What treasures untold reside in the Lord's house, the Lord's day, the Lord's book, and the ordinances of the Lord? It is the glory of Christianity. Now let the members of a Christian Church fail to meet at the Lord's house for Christian worship on the Lord's day, and to what snares and temptations do they not subject themselves and their children? What temptations to idleness and to wasting the Lord's day in visiting and gossiping, or in drowsy lethargy!
The sanctification of the Lord's day by meeting in honor of the resurrection of the Saviour, and especially with a reference to the celebration of the Lord's supper, is essential to the edification, spirituality, holiness, usefulness and happiness of the Christian community. It is not designed to throw into the shade any other duties of the Christian Church while contending for those above stated; but because no society save the Disciples of Christ so regard, observe and celebrate the Lord's day. We endeavor to arrest the attention of our fellow professors to the great design of it and of the coming together of the members of Christ's family on that day. When assembled for this chief purpose, the reading of the Scriptures, teaching, exhortation, prayer, praise, contributions for the poor, and discipline when called for, are all in order and necessary to the growth of the Christian Church in all the graces of the Spirit, and in all the fruits of holiness.—ALEX. CAMPBELL, inMillennial Harbinger,Vol. I., p. 534, New Series.

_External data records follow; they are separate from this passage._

(* Multiplication by x^s modulo x^L+1 (the cyclic shift  cyc_shift L s) is
   a bijection of GF(2)[x]/(x^L+1) that commutes with multiplication by q and rotates the
   bit positions; choosing s suitably it moves the window S of consecutive positions onto
   the initial window {0,...,n-1}.  So it suffices to count the w for which q*w and y agree
   at the positions n,...,L-1.  Reading off these L-n positions of q*w is an additive map
   f from the 2^L elements to the 2^(L-n) polynomials with all coefficients below L-n.
   It is surjective: on polynomials u of degree < L-n we have q*u of degree < L, and the
   top coefficient of q*u lies at a position >= n, so f is injective, hence bijective,
   there.  Every fibre of a surjective additive map has the size of the kernel, which is
   therefore 2^L / 2^(L-n) = 2^n. *)

text \<open>A nonempty fibre of an additive map on a subgroup is a translate of the kernel.\<close>
lemma card_fibre_eq_kernel:
  fixes f :: "'a::ab_group_add \<Rightarrow> 'b::ab_group_add"
  assumes diff_closed: "\<And>x y. x \<in> A \<Longrightarrow> y \<in> A \<Longrightarrow> x - y \<in> A"
    and additive: "\<And>x y. x \<in> A \<Longrightarrow> y \<in> A \<Longrightarrow> f (x - y) = f x - f y"
    and b: "b \<in> f ` A"
  shows "card {x \<in> A. f x = b} = card {x \<in> A. f x = 0}"
proof -
  obtain a where a: "a \<in> A" "f a = b" using b by blast
  have add_closed: "x + a \<in> A" if "x \<in> A" for x
    using diff_closed[OF that diff_closed[OF diff_closed[OF a(1) a(1)] a(1)]] by simp
  have "bij_betw (\<lambda>x. x - a) {x \<in> A. f x = b} {x \<in> A. f x = 0}"
  proof (rule bij_betw_byWitness[where f' = "\<lambda>x. x + a"])
    show "(\<lambda>x. x - a) ` {x \<in> A. f x = b} \<subseteq> {x \<in> A. f x = 0}"
      using a diff_closed additive by auto
    show "(\<lambda>x. x + a) ` {x \<in> A. f x = 0} \<subseteq> {x \<in> A. f x = b}"
      using a add_closed additive[of _ a] by (fastforce simp: eq_diff_eq)
  qed auto
  then show ?thesis by (rule bij_betw_same_card)
qed

lemma card_domain_eq_image_times_kernel:
  fixes f :: "'a::ab_group_add \<Rightarrow> 'b::ab_group_add"
  assumes "finite A"
    and diff_closed: "\<And>x y. x \<in> A \<Longrightarrow> y \<in> A \<Longrightarrow> x - y \<in> A"
    and additive: "\<And>x y. x \<in> A \<Longrightarrow> y \<in> A \<Longrightarrow> f (x - y) = f x - f y"
  shows "card A = card (f ` A) * card {x \<in> A. f x = 0}"
proof -
  have "card A = (\<Sum>_\<in>A. 1::nat)" by simp
  also have "\<dots> = (\<Sum>b\<in>f ` A. \<Sum>_\<in>{x \<in> A. f x = b}. 1)"
    by (rule sum.image_gen[OF \<open>finite A\<close>])
  also have "\<dots> = (\<Sum>b\<in>f ` A. card {x \<in> A. f x = 0})"
    using card_fibre_eq_kernel[OF diff_closed additive] by (intro sum.cong) auto
  finally show ?thesis by simp
qed

lemma card_Collect_bij_betw:
  assumes "bij_betw g A A" and "\<And>x. x \<in> A \<Longrightarrow> P x \<longleftrightarrow> Q (g x)"
  shows "card {x \<in> A. P x} = card {x \<in> A. Q x}"
proof -
  have "g ` {x \<in> A. P x} = {x \<in> A. Q x}"
  proof
    show "g ` {x \<in> A. P x} \<subseteq> {x \<in> A. Q x}"
      using assms bij_betwE by fastforce
    show "{x \<in> A. Q x} \<subseteq> g ` {x \<in> A. P x}"
    proof
      fix x assume x: "x \<in> {x \<in> A. Q x}"
      then obtain x' where "x' \<in> A" "x = g x'"
        using assms(1) unfolding bij_betw_def by blast
      then show "x \<in> g ` {x \<in> A. P x}" using x assms(2) by blast
    qed
  qed
  moreover have "inj_on g {x \<in> A. P x}"
    using assms(1) unfolding bij_betw_def by (auto intro: inj_on_subset)
  ultimately show ?thesis by (metis card_image)
qed

text \<open>Polynomials over GF(2) whose coefficients vanish from position N on; for N > 0
  these are exactly the polynomials of degree < N.\<close>
definition polys_below :: "nat \<Rightarrow> bit poly set" where
  "polys_below N = {p. \<forall>i\<ge>N. coeff p i = 0}"

lemma polys_below_diff: "p \<in> polys_below N \<Longrightarrow> p' \<in> polys_below N \<Longrightarrow> p - p' \<in> polys_below N"
  by (simp add: polys_below_def)

lemma polys_below_mono: "N \<le> M \<Longrightarrow> polys_below N \<subseteq> polys_below M"
  by (auto simp: polys_below_def)

lemma degree_less_if_polys_below:
  assumes "p \<in> polys_below N" "p \<noteq> 0"
  shows "degree p < N"
proof (rule ccontr)
  assume "\<not> degree p < N"
  then have "lead_coeff p = 0" using assms(1) by (simp add: polys_below_def)
  then show False using assms(2) by simp
qed

lemma cyc_elems_eq_polys_below:
  assumes "0 < L"
  shows "cyc_elems L = polys_below L"
proof -
  have "degree p < L" if "\<forall>i\<ge>L. coeff p i = 0" for p :: "bit poly"
  proof -
    have "degree p \<le> L - 1" by (rule degree_le) (use that in auto)
    then show ?thesis using assms by linarith
  qed
  then show ?thesis
    unfolding cyc_elems_def polys_below_def by (auto simp: coeff_eq_0)
qed

lemma UNIV_bit: "(UNIV :: bit set) = {0, 1}"
  by (auto intro: bit.exhaust)

text \<open>A polynomial in polys_below N is determined by its first N coefficients, and
  every choice of them occurs; hence there are 2^N such polynomials.\<close>
lemma card_polys_below: "card (polys_below N) = 2 ^ N"
proof -
  have "bij_betw (\<lambda>p. map (coeff p) [0..<N]) (polys_below N) {xs. length xs = N}"
  proof (rule bij_betw_byWitness[where f' = Poly])
    show "\<forall>p\<in>polys_below N. Poly (map (coeff p) [0..<N]) = p"
      by (auto simp: polys_below_def poly_eq_iff nth_default_def)
    show "\<forall>xs\<in>{xs. length xs = N}. map (coeff (Poly xs)) [0..<N] = xs"
      by (auto simp: nth_default_def intro!: nth_equalityI)
    show "Poly ` {xs. length xs = N} \<subseteq> polys_below N"
      by (auto simp: polys_below_def nth_default_def)
  qed auto
  then have "card (polys_below N) = card {xs. set xs \<subseteq> (UNIV :: bit set) \<and> length xs = N}"
    by (simp add: bij_betw_same_card)
  moreover have "finite (UNIV :: bit set)" "card (UNIV :: bit set) = 2"
    by (simp_all add: UNIV_bit)
  ultimately show ?thesis using card_lists_length_eq by metis
qed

And what an audacious wrong and unutterable blunder would it be for God's chosen people to adopt an order that should defraud themselves, their children, their neighbors and their neighbor's children of such a glorious privilege.
If we could imagine two communities, one of which should, with their children and their children's children, diligently devote the Lord's day to purposes of moral, religious and intellectual improvement, while the other community should waste the day in idle and frivolous dissipation, what unmeasured progress would ultimately be made by one beyond that made by the other. And to which of these two classes will that favored people belong to whom will be awarded the high privilege of introducing among jarring sects and parties the true millennial church?
And do not these considerations go far to explain the contrast that is everywhere seen to exist between Protestant and Catholic countries? Among Protestants the day is a day to be sanctified to purposes of religious worship, among Catholics it is a holiday.
The peculiarity of our position creates an invincible necessity that we shall make the largest possible provision for the moral, intellectual and religious training and development of our people. This provision is largely found in keeping the ordinances of the Lord's house and the Lord's day. We have made a vow, and that vow is recorded in heaven, that we will meet together every first day of the week to break bread. To do otherwise—to show a good-natured imbecility of purpose—to drift helplessly along in the usages of the Old Baptists, conscious in our own hearts that this is not the ancient order of things, and having sternly demanded conformity to the apostolic order, at whatever sacrifice of peace, now to suffer our own brethren to travel on in the old ruts, rather than hazard the pain and trouble that will be the price of reform, would be a folly so inexcusable, a shame so unutterable, that the very stones might well cry out against us.